Chief Nursing Officer for Wales
- Incumbent
- Assumed office August 2021

Personal details
- Born: South Africa

= Sue Tranka =

Dame Sumeshni Tranka is a South African-born nurse and healthcare administrator serving as the Chief Nursing Officer (CNO) for Wales since August 2021. She is the first person from a minority ethnic background to hold a chief nurse position in the United Kingdom. Tranka's work focuses on patient safety, quality improvement, and addressing health inequalities. She describes her leadership philosophy as leading with "head and heart," which blends data-driven analysis with compassionate, relational strategies.

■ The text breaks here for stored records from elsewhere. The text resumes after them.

lemma level_gain:
  assumes i: "i < k" and right: "-\<Delta>/2 < x"
  shows "(1 + level i x) * q i (x + \<Delta>) \<le> q i x"
  using level_cases[of i x] q_shift_le[OF i right] unfolding gain_set_def by auto

text \<open>Consecutive thresholds differ by a factor 2 and the lowest one is \<open>\<tau>/4\<close>.\<close>
lemma gain_le_level:
  assumes i: "i < k" and right: "-\<Delta>/2 < x"
  shows "q i x - q i (x + \<Delta>) \<le> 2 * level i x * q i x + \<tau>/4 * q i x"
proof -
  have q_nonneg': "0 \<le> q i x" "0 \<le> q i (x + \<Delta>)" using q_nonneg[OF i] by auto
  have shift_le: "q i (x + \<Delta>) \<le> q i x" using q_shift_le[OF i right] .
  have error_nonneg: "0 \<le> \<tau>/4 * q i x" using \<tau>_pos q_nonneg' by simp
  have main_nonneg: "0 \<le> 2 * level i x * q i x" using level_nonneg q_nonneg' by simp
  have in_gain_set: "x \<in> gain_set i j \<longleftrightarrow> (1 + threshold j) * q i (x + \<Delta>) \<le> q i x" for j
    using right unfolding gain_set_def by simp
  consider "x \<notin> gain_set i 0" | "x \<in> gain_set i top_level"
    | j where "j < top_level" "x \<in> gain_set i j" "x \<notin> gain_set i (Suc j)"
    using ex_least_nat_less[of "\<lambda>j. x \<notin> gain_set i j" top_level] by blast
  then show ?thesis
  proof cases
    case 1
    then have "q i x - q i (x + \<Delta>) < \<tau>/4 * q i (x + \<Delta>)"
      using in_gain_set by (simp add: threshold_def algebra_simps)
    also have "\<dots> \<le> \<tau>/4 * q i x" using shift_le \<tau>_pos by simp
    finally show ?thesis using main_nonneg by linarith
  next
    case 2
    then have "1/2 \<le> level i x" using threshold_le_level[of top_level x i] threshold_top_level by simp
    then have "q i x \<le> 2 * level i x * q i x" using q_nonneg' by (simp add: mult_right_mono[of 1 _ "q i x", simplified])
    then show ?thesis using error_nonneg q_nonneg' by linarith
  next
    case (3 j)
    have "q i x < (1 + 2 * threshold j) * q i (x + \<Delta>)"
      using 3 in_gain_set by (simp add: threshold_def not_le)
    then have "q i x - q i (x + \<Delta>) < 2 * threshold j * q i (x + \<Delta>)" by (simp add: algebra_simps)
    also have "\<dots> \<le> 2 * level i x * q i x"
      using threshold_le_level[of j x i] 3 shift_le q_nonneg' threshold_nonneg[of j]
      by (intro mult_mono) auto
    finally show ?thesis using error_nonneg by linarith
  qed
qed

section \<open>The cover by cores of cells\<close>

definition level_mass :: "real \<Rightarrow> real" where
  "level_mass x = (\<Sum>i<k. level i x * q i x)"

definition \<eta> :: real where
  "\<eta> = \<delta>\<^sup>2"

lemma \<eta>_pos: "0 < \<eta>"
  unfolding \<eta>_def using \<delta>_pos by simp

text \<open>At a non-exceptional point \<open>p\<close> is within a factor \<open>2k\<close> of some \<open>q\<^sub>i\<close>, which lies
  between \<open>\<eta> q\<^sub>i(0)\<close> and \<open>q\<^sub>i(0)\<close>; these are the dyadic scales of \<open>p\<close> that can occur there.\<close>
definition scales :: "int set" where
  "scales = (\<Union>i\<in>{i. i < k \<and> 0 < q i 0}. {\<lceil>log 2 (\<eta> * q i 0)\<rceil> .. \<lceil>log 2 (2 * real k * q i 0)\<rceil>})"

definition sublevel_right :: "int \<Rightarrow> real set" where
  "sublevel_right n = {x. 0 < x \<and> p x \<le> 2 powr n}"

definition superlevel_or_right :: "int \<Rightarrow> real set" where
  "superlevel_or_right n = {x. 0 < x \<or> 2 powr n < p x}"

text \<open>On a cell of \<open>rays\<close> with a scale \<open>n \<in> scales\<close> the bound \<open>p \<le> 2 powr n\<close> is inherited:
  through \<open>sublevel_right n\<close> for cells in \<open>x > 0\<close>, through \<open>superlevel_or_right n\<close> for
  cells in \<open>x \<le> 0\<close>.\<close>
definition rays :: "real set set" where
  "rays = (\<lambda>(i, j). gain_set i j) ` ({..<k} \<times> {..top_level}) \<union> sublevel_right ` scales
     \<union> superlevel_or_right ` scales"

definition core :: "real set \<Rightarrow> real set" where
  "core Q = {x\<in>Q. -\<Delta>/2 < x \<and> 0 < p x \<and> (\<forall>y\<in>Q. \<tau>/16 * p y \<le> level_mass x)}"

definition exceptional :: "real set" where
  "exceptional = {x. \<not> (\<exists>i<k. p x \<le> 2 * real k * q i x \<and> \<eta> * q i 0 \<le> q i x)}"

lemma finite_scales: "finite scales"
  unfolding scales_def by auto

lemma finite_rays: "finite rays"
  unfolding rays_def using finite_scales by auto

lemma up_closed_rays: "\<forall>K\<in>rays. up_closed K"
proof -
  have "up_closed (sublevel_right n)" for n
    unfolding up_closed_def sublevel_right_def
    using p_antimono by (smt (verit) mem_Collect_eq)
  moreover have "up_closed (superlevel_or_right n)" for n
    unfolding up_closed_def superlevel_or_right_def
    using p_antimono by (smt (verit) mem_Collect_eq)
  ultimately show ?thesis
    unfolding rays_def using up_closed_gain_set by auto
qed

lemma level_cell:
  assumes "y \<in> cell rays x" and "i < k"
  shows "level i y = level i x"
proof -
  have "gain_set i j \<in> rays" if "j \<le> top_level" for j
    unfolding rays_def using assms(2) that by force
  then have "{threshold j | j. j \<le> top_level \<and> y \<in> gain_set i j}
      = {threshold j | j. j \<le> top_level \<and> x \<in> gain_set i j}"
    using mem_cell_iff[OF assms(1)] by blast
  then show ?thesis unfolding level_def by simp
qed

lemma level_mass_antimono:
  assumes "\<forall>i<k. level i z = level i x" and "\<bar>z\<bar> \<le> \<bar>x\<bar>"
  shows "level_mass x \<le> level_mass z"
  unfolding level_mass_def
  using assms q_antimono level_nonneg by (intro sum_mono) (simp add: mult_left_mono)

text \<open>On a cell the levels are constant, so \<open>level_mass\<close> and \<open>p\<close> decrease in \<open>\<bar>x\<bar>\<close>;
  every point between two points of the core is therefore dominated by one of them.\<close>
lemma is_interval_core: "is_interval (core (cell rays x))"
  unfolding is_interval_1
proof (intro ballI allI impI)
  fix a b z assume a: "a \<in> core (cell rays x)" and b: "b \<in> core (cell rays x)" and z: "a \<le> z \<and> z \<le> b"
  have "a \<in> cell rays x" "b \<in> cell rays x" using a b unfolding core_def by auto
  then have z_cell: "z \<in> cell rays x"
    using is_interval_cell[OF up_closed_rays] z unfolding is_interval_1 by blast
  obtain e where e: "e \<in> core (cell rays x)" "\<bar>z\<bar> \<le> \<bar>e\<bar>" "e \<in> cell rays x"
  proof (cases "0 < z")
    case True
    then show ?thesis using that[of b] b z unfolding core_def by auto
  next
    case False
    then show ?thesis using that[of a] a z unfolding core_def by auto
  qed
  have same_levels: "\<forall>i<k. level i z = level i e"
    using level_cell[OF z_cell] level_cell[OF e(3)] by simp
  have "0 < p z" using e p_antimono[OF e(2)] unfolding core_def by fastforce
  moreover have "\<tau>/16 * p y \<le> level_mass z" if "y \<in> cell rays x" for y
    using e that level_mass_antimono[OF same_levels e(2)] unfolding core_def by fastforce
  ultimately show "z \<in> core (cell rays x)"
    using z_cell a z unfolding core_def by auto
qed

lemma ratio_t_core:
  assumes x: "x \<in> core Q"
  shows "ereal (\<tau>/32) \<le> ratio_t p \<Delta> x"
proof -
  have right: "-\<Delta>/2 < x" and pos: "0 < p x" and mass: "\<tau>/16 * p x \<le> level_mass x"
    using x unfolding core_def by auto
  have "level_mass x \<le> (\<Sum>i<k. 2 * (q i x - q i (x + \<Delta>)))"
    unfolding level_mass_def
    using level_gain_le[OF level_nonneg level_le_1 q_nonneg level_gain[OF _ right]]
    by (intro sum_mono) simp
  also have "\<dots> = 2 * (p x - p (x + \<Delta>))"
    unfolding p_eq_sum by (simp add: sum_distrib_left sum_subtractf)
  finally have "p (x + \<Delta>) \<le> (1 - \<tau>/32) * p x"
    using mass by (simp add: algebra_simps)
  then have "(1 + \<tau>/32) * p (x + \<Delta>) \<le> (1 + \<tau>/32) * ((1 - \<tau>/32) * p x)"
    using \<tau>_pos by (intro mult_left_mono) auto
  also have "\<dots> \<le> p x"
    using p_nonneg[of x] \<tau>_pos by (simp add: algebra_simps)
  finally show ?thesis
    using ratio_t_ge_iff[OF p_nonneg, of "\<tau>/32"] \<tau>_pos pos by simp
qed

== Early life and education ==
Originally from South Africa, Tranka has spoken about how growing up amid injustice and inequality motivated her to pursue a career focused on public service. She is qualified in multiple nursing specialities, including as a registered general nurse, midwife, mental health nurse, and community nurse. Tranka also studied at medical school before making a conscious decision to return to nursing. She is an alumna of the National Health Service (NHS) Leadership Academy's Stepping Up programme, which is designed for leaders from Black, Asian, and minority ethnic backgrounds. Tranka is focused on quality improvement, human factors, and safety systems.

== Career ==
As of 2024, Tranka has over three decades of nursing experience, with 26 years spent working in the NHS. She held several senior leadership positions in England, including Chief Nurse at Ashford and St Peter's Hospitals NHS Foundation Trust in Surrey. She later became the Deputy Chief Nursing Officer for Patient Safety and Innovation at NHS England and NHS Improvement, where she led the national nursing response for infection prevention and control during the COVID-19 pandemic. In October 2020, during her tenure as Deputy CNO, she was named one of the Health Service Journal's 50 most influential people in health from a Black, Asian, and minority ethnic background.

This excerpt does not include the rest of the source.